Because of the complexity of the problem, environmental skepticism was once tenable. No longer. It is time to flip from skepticism to activism.
Yes it is. Just today, for example, one of the more troubling reports I've seen in months caught my eye: "A team of European scientists reports that climate change estimates for the next century may have substantially underestimated the potential magnitude of global warming." In a paper to appear May 26 in Geophysical Research Letters, the team concludes that
Although there are still significant uncertainties, our simple data-based approach is consistent with the latest climate-carbon cycle models, which suggest that global warming will be accelerated by the effects of climate change on the rate of carbon dioxide increase. In view of our findings, estimates of future warming that ignore these effects may have to be raised by about 50 percent.
We could debate about just when it was that environmental skepticism lost its tenable status, of course. It's a subjective thing. Everyone's got their own threshold or, to use a hip phrase, "tipping point." I'm not sure why it took Shermer so long, when so many climatologists had made that shift ages ago. But the important thing is one of the world's premier skeptics no longer finds it necessary to doubt the evidence.

Shermer is one of those scientists who prefers to describe himself primarily as a skeptic (although he won't object to being called a "humanist, secular humanist, agnostic, nonbeliever, nontheist, freethinker, heretic, or even bright"). Aside from being remarkably smart, he also seems to be a fairly decent fellow, one who agreed to publish an essay I wrote a while back. So I like the guy. But even I have found myself occasionally frustrated with his hard-core skepticism, and his prior approach to environmentalism was a prime example. At the end of the day, it seemed he doubted mostly because he liked doubting. Doubting was what he did best. Doubt as an end in of itself.
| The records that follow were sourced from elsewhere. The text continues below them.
lemma partial_deriv_uniform_limit:
  assumes R: "R > 0" and holo: "\<And>n. holo_on (f n) (ball z R)"
    and lim: "uniform_limit (ball z R) f g sequentially" and "e > 0"
  shows "\<forall>\<^sub>F n in sequentially. \<forall>x\<in>ball z (R/2). \<forall>i.
           norm (partial_deriv (f n) i x - partial_deriv g i x) \<le> 4 * e / R"
  using uniform_limitD[OF lim \<open>e > 0\<close>]
proof eventually_elim
  case (elim n)
  show ?case
  proof (intro ballI allI)
    fix x i assume x: "x \<in> ball z (R/2)"
    have line: "ball 0 (R/2) \<subseteq> {s. x + axis i s \<in> ball z R}"
      using coordinate_line_in_ball[OF x] by auto
    have "norm (partial_deriv (f n) i x - partial_deriv g i x) \<le> e / (R/4)"
    proof (rule partial_deriv_diff_le)
      show "(\<lambda>s. f n (x + axis i s)) holomorphic_on ball 0 (R/2)"
        using holomorphic_on_subset[OF holomorphic_on_coordinate_line[OF holo] line] .
      show "(\<lambda>s. g (x + axis i s)) holomorphic_on ball 0 (R/2)"
        using holomorphic_on_coordinate_line_uniform_limit[OF holo lim x] .
      show "norm (f n (x + axis i s) - g (x + axis i s)) \<le> e" if "norm s = R/4" for s
      proof -
        have "s \<in> ball 0 (R/2)" using that R by simp
        then have "x + axis i s \<in> ball z R" using line by blast
        then show ?thesis using elim by (auto simp: dist_norm less_imp_le)
      qed
    qed (use R in auto)
    then show "norm (partial_deriv (f n) i x - partial_deriv g i x) \<le> 4 * e / R"
      by (simp add: mult.commute)
  qed
qed

lemma norm_sum_coordinates_diff_le:
  fixes a b :: "'n::finite \<Rightarrow> complex" and d :: real
  assumes "\<And>i. norm (a i - b i) \<le> d"
  shows "norm ((\<Sum>i\<in>UNIV. h $ i * a i) - (\<Sum>i\<in>UNIV. h $ i * b i)) \<le> real CARD('n) * d * norm h"
proof -
  have "norm ((\<Sum>i\<in>UNIV. h $ i * a i) - (\<Sum>i\<in>UNIV. h $ i * b i)) = norm (\<Sum>i\<in>UNIV. h $ i * (a i - b i))"
    by (simp add: algebra_simps sum_subtractf)
  also have "\<dots> \<le> (\<Sum>i\<in>(UNIV::'n set). norm h * d)"
  proof (rule sum_norm_le)
    fix i
    show "norm (h $ i * (a i - b i)) \<le> norm h * d"
      unfolding norm_mult
      using Finite_Cartesian_Product.norm_nth_le[of h i] assms[of i] by (rule mult_mono) auto
  qed
  finally show ?thesis by (simp add: mult.commute mult.left_commute)
qed

text \<open>Cauchy estimates on coordinate lines make the partial derivatives converge uniformly,
  so the limit is differentiable by \<open>has_derivative_sequence\<close>.\<close>
lemma holo_at_uniform_limit:
  fixes f :: "nat \<Rightarrow> complex^'n \<Rightarrow> complex"
  assumes R: "R > 0" and holo: "\<And>n. holo_on (f n) (ball z R)"
    and lim: "uniform_limit (ball z R) f g sequentially"
  shows "\<exists>D. (g has_derivative D) (at z) \<and> (\<forall>c v. D (c *s v) = c * D v)"
proof -
  define S where "S = ball z (R/2)"
  define g' where "g' x h = (\<Sum>i\<in>UNIV. h $ i * partial_deriv g i x)" for x h
  define f' where "f' n x h = (\<Sum>i\<in>UNIV. h $ i * partial_deriv (f n) i x)" for n x h
  have S: "open S" "z \<in> S" "S \<subseteq> ball z R" using R by (auto simp: S_def)
  have "\<exists>g2. \<forall>x\<in>S. (\<lambda>n. f n x) \<longlonglongrightarrow> g2 x \<and> (g2 has_derivative g' x) (at x within S)"
  proof (rule has_derivative_sequence[where f' = f'])
    show "(f n has_derivative f' n x) (at x within S)" if "x \<in> S" for n x
      unfolding f'_def using holo_on_has_derivative_partials[OF holo] that S(3)
      by (blast intro: has_derivative_at_withinI)
    show "\<forall>\<^sub>F n in sequentially. \<forall>x\<in>S. \<forall>h. norm (f' n x h - g' x h) \<le> e * norm h"
      if "e > 0" for e
    proof -
      have "e * R / (4 * CARD('n)) > 0" using that R by simp
      from partial_deriv_uniform_limit[OF R holo lim this]
      show ?thesis
        unfolding S_def f'_def g'_def
        by eventually_elim
          (use R in \<open>auto intro!: order_trans[OF norm_sum_coordinates_diff_le[where d = "e / CARD('n)"]]\<close>)
    qed
    show "(\<lambda>n. f n z) \<longlonglongrightarrow> g z" using tendsto_uniform_limitI[OF lim] R by simp
  qed (use S in \<open>auto simp: S_def\<close>)
  then obtain g2 where g2: "\<And>x. x \<in> S \<Longrightarrow> (\<lambda>n. f n x) \<longlonglongrightarrow> g2 x \<and> (g2 has_derivative g' x) (at x within S)"
    by blast
  have g2_eq: "g2 x = g x" if "x \<in> S" for x
    using LIMSEQ_unique[OF conjunct1[OF g2[OF that]] tendsto_uniform_limitI[OF lim]] that S(3) by blast
  have "(g2 has_derivative g' z) (at z)"
    using g2 at_within_open S(1,2) by metis
  then have "(g has_derivative g' z) (at z)"
    using has_derivative_transform_within_open S(1,2) g2_eq by blast
  moreover have "\<forall>c v. g' z (c *s v) = c * g' z v"
    by (simp add: g'_def sum_distrib_left mult.assoc)
  ultimately show ?thesis by blast
qed

lemma holo_on_uniform_limit:
  assumes "\<And>n. holo_on (f n) U"
    and "\<And>z. z \<in> U \<Longrightarrow> \<exists>R>0. ball z R \<subseteq> U \<and> uniform_limit (ball z R) f g sequentially"
  shows "holo_on g U"
  unfolding holo_on_def
proof
  fix z assume "z \<in> U"
  then obtain R where "R > 0" "ball z R \<subseteq> U" "uniform_limit (ball z R) f g sequentially"
    using assms(2) by blast
  then show "\<exists>D. (g has_derivative D) (at z) \<and> (\<forall>c v. D (c *s v) = c * D v)"
    using holo_at_uniform_limit[of R f z g] assms(1) holo_on_subset by blast
qed

lemma uniform_limit_sequentially_rate:
  assumes "\<And>n x. x \<in> S \<Longrightarrow> dist (f n x) (g x) \<le> C / (real n + 1)"
  shows "uniform_limit S f g sequentially"
  unfolding uniform_limit_sequentially_iff
proof (intro allI impI)
  fix e :: real assume "e > 0"
  obtain N :: nat where N: "\<bar>C\<bar> / e < real N" using reals_Archimedean2 by blast
  have "dist (f n x) (g x) < e" if "n \<ge> N" "x \<in> S" for n x
  proof -
    have "dist (f n x) (g x) \<le> C / (real n + 1)" using assms[OF that(2)] .
    also have "\<dots> \<le> \<bar>C\<bar> / (real n + 1)" by (rule divide_right_mono) auto
    also have "\<dots> < e"
    proof -
      have "\<bar>C\<bar> < e * real N" using N \<open>e > 0\<close> by (simp add: field_simps)
      also have "\<dots> \<le> e * real n" using that(1) \<open>e > 0\<close> by simp
      finally show ?thesis using \<open>e > 0\<close> by (simp add: field_simps)
    qed
    finally show ?thesis .
  qed
  then show "\<exists>N. \<forall>n\<ge>N. \<forall>x\<in>S. dist (f n x) (g x) < e" by blast
qed

section \<open>The algebra \<open>A(\<Omega>)\<close> and quasi-free Hilbert modules\<close>

lemma holo_on_A_alg:
  assumes "open \<Omega>" and "\<phi> \<in> A_alg \<Omega>"
  shows "holo_on \<phi> \<Omega>"
proof -
  have "\<forall>n::nat. \<exists>g U. open U \<and> closure \<Omega> \<subseteq> U \<and> holo_on g U \<and>
      (\<forall>z\<in>\<Omega>. norm (\<phi> z - g z) < 1 / (real n + 1))"
    using assms(2) unfolding A_alg_def by auto
  then obtain g where g: "\<And>n. holo_on (g n) \<Omega>" "\<And>n z. z \<in> \<Omega> \<Longrightarrow> norm (\<phi> z - g n z) < 1 / (real n + 1)"
    by (metis closure_subset holo_on_subset order_trans)
  have "uniform_limit \<Omega> g \<phi> sequentially"
    using g(2) by (intro uniform_limit_sequentially_rate[of _ _ _ 1])
      (simp add: dist_norm norm_minus_commute less_imp_le)
  then show ?thesis
    using g(1) assms(1) open_contains_ball uniform_limit_on_subset
    by (metis holo_on_uniform_limit)
qed

lemma A_alg_vanishes: "\<phi> \<in> A_alg \<Omega> \<Longrightarrow> z \<notin> \<Omega> \<Longrightarrow> \<phi> z = 0"
  unfolding A_alg_def by auto

lemma A_alg_indicator: "(\<lambda>z. if z \<in> \<Omega> then c else 0) \<in> A_alg \<Omega>"
  unfolding A_alg_def
  by (auto intro!: exI[of _ "\<lambda>z. c"] exI[of _ UNIV])

lemma A_alg_diff_indicator:
  assumes "\<phi> \<in> A_alg \<Omega>"
  shows "(\<lambda>z. \<phi> z - (if z \<in> \<Omega> then c else 0)) \<in> A_alg \<Omega>"
  unfolding A_alg_def
proof (intro CollectI conjI allI impI)
  show "\<phi> z - (if z \<in> \<Omega> then c else 0) = 0" if "z \<notin> \<Omega>" for z
    using A_alg_vanishes[OF assms that] that by simp
  fix e :: real assume "e > 0"
  then obtain g U where gU: "open U" "closure \<Omega> \<subseteq> U" "holo_on g U" "\<forall>z\<in>\<Omega>. norm (\<phi> z - g z) < e"
    using assms unfolding A_alg_def by blast
  show "\<exists>g U. open U \<and> closure \<Omega> \<subseteq> U \<and> holo_on g U \<and>
      (\<forall>z\<in>\<Omega>. norm (\<phi> z - (if z \<in> \<Omega> then c else 0) - g z) < e)"
  proof (intro exI conjI)
    show "holo_on (\<lambda>z. g z + - c) U" using holo_on_add[OF gU(3) holo_on_const] .
  qed (use gU in auto)
qed

text \<open>Elements of \<^const>\<open>A_alg\<close> vanish off \<open>\<Omega>\<close>, so the constant sections are cut off there.\<close>
definition unit_section :: "(complex^'n) set \<Rightarrow> 'm \<Rightarrow> complex^'n \<Rightarrow> complex^'m" where
  "unit_section \<Omega> j z = (if z \<in> \<Omega> then axis j 1 else 0)"

lemma unit_section_A_tensor: "unit_section \<Omega> j \<in> A_tensor \<Omega>"
proof -
  have "(\<lambda>z. unit_section \<Omega> j z $ a) = (\<lambda>z. if z \<in> \<Omega> then axis j 1 $ a else 0)" for a
    by (simp add: unit_section_def fun_eq_iff)
  then show ?thesis unfolding A_tensor_def by (simp add: A_alg_indicator)
qed

lemma A_tensor_expansion:
  assumes "A \<in> A_tensor \<Omega>"
  shows "A w = (\<Sum>j\<in>UNIV. A w $ j *s unit_section \<Omega> j w)"
proof (cases "w \<in> \<Omega>")
  case True
  then show ?thesis by (simp add: unit_section_def basis_expansion)
next
  case False
  then have "A w $ j = 0" for j
    using A_alg_vanishes assms unfolding A_tensor_def by blast
  then show ?thesis using False by (simp add: unit_section_def vec_eq_iff)
qed
lemma linear_coeff_zero_if_quadratic_nonneg:
  fixes L Q :: real
  assumes "0 \<le> Q" and "\<forall>t. 0 \<le> t * L + t\<^sup>2 * Q"
  shows "L = 0"
proof (rule ccontr)
  assume "L \<noteq> 0"
  define t where "t = - L / (Q + 1)"
  have tQ: "t * (Q + 1) = - L" using \<open>0 \<le> Q\<close> unfolding t_def by simp
  have "(t * L + t\<^sup>2 * Q) * (Q + 1)\<^sup>2 = (t * (Q + 1)) * L * (Q + 1) + (t * (Q + 1))\<^sup>2 * Q"
    by (simp add: power2_eq_square algebra_simps)
  also have "\<dots> = - L\<^sup>2" unfolding tQ by (simp add: power2_eq_square algebra_simps)
  finally have "(t * L + t\<^sup>2 * Q) * (Q + 1)\<^sup>2 = - L\<^sup>2" .
  moreover have "0 \<le> (t * L + t\<^sup>2 * Q) * (Q + 1)\<^sup>2" using assms(2) by simp
  ultimately show False using \<open>L \<noteq> 0\<close> by simp
qed

lemma Jalpha_minimiser_gradient_zero:
  fixes A :: "'y::real_normed_vector \<Rightarrow>\<^sub>L 'f::real_normed_vector"
    and B :: "'u::real_inner \<Rightarrow>\<^sub>L 'f" and C :: "'y \<Rightarrow>\<^sub>L 'g::real_inner"
    and Ainv :: "'f \<Rightarrow>\<^sub>L 'y"
  assumes "0 \<le> \<alpha>" and "\<forall>f. A (Ainv f) = f" and "A ybar = B ubar"
    and "\<forall>u y. A y = B u \<longrightarrow> Jalpha \<alpha> C gd ubar ybar \<le> Jalpha \<alpha> C gd u y"
  shows "inner (C ybar - gd) (C (Ainv (B v))) + \<alpha> * inner ubar v = 0"
proof (rule linear_coeff_zero_if_quadratic_nonneg)
  let ?d = "C (Ainv (B v))"
  show "0 \<le> (inner ?d ?d + \<alpha> * inner v v) / 2" using assms(1) by simp
  show "\<forall>t. 0 \<le> t * (inner (C ybar - gd) ?d + \<alpha> * inner ubar v)
                 + t\<^sup>2 * ((inner ?d ?d + \<alpha> * inner v v) / 2)"
  proof
    fix t :: real
    have "A (ybar + t *\<^sub>R Ainv (B v)) = B (ubar + t *\<^sub>R v)"
      using assms(2,3) by (simp add: blinfun.add_right blinfun.scaleR_right)
    hence "Jalpha \<alpha> C gd ubar ybar \<le> Jalpha \<alpha> C gd (ubar + t *\<^sub>R v) (ybar + t *\<^sub>R Ainv (B v))"
      using assms(4) by blast
    moreover have "C (ybar + t *\<^sub>R Ainv (B v)) - gd = (C ybar - gd) + t *\<^sub>R ?d"
      by (simp add: blinfun.add_right blinfun.scaleR_right)
    ultimately show "0 \<le> t * (inner (C ybar - gd) ?d + \<alpha> * inner ubar v)
                 + t\<^sup>2 * ((inner ?d ?d + \<alpha> * inner v v) / 2)"
      unfolding Jalpha_def power2_norm_eq_inner
      by (simp add: inner_add_left inner_add_right inner_commute power2_eq_square
          algebra_simps add_divide_distrib)
  qed
qed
But can doubt be its own end? Shouldn't skepticism merely be a tool for understanding the universe? I think so. After all, it's important to keep the eye on the prize: making sure our models approximate reality to the greatest degree possible. It's easy to stand back and dismiss an activist's argument as unfounded, unwarranted or precipitous, and I think too many of us take a fair bit of pleasure in playing the skeptical holdout, whose standards are just that much higher than the gullible masses.

The climate change debate is rife with self-proclaimed skeptics who get a little too used to those boots. It takes a bit more courage to admit that maybe the activists are right after all.

I'm relieved that Shermer has joined those of us who have concluded that "the balance of evidence suggests a discernible human influence on global climate," as the fine folks at the IPCC said 11 years ago. My characterization of his obsession with doubt may have been unfair. But it's even better to be reminded that skepticism has its limits. At some point, the call for "more research" begins to sound like the theme song of those with their heads in the sand.

Skepticism about skepticism. A little meta-skepticism, if you will, can be a good thing, even on the Island of Doubt.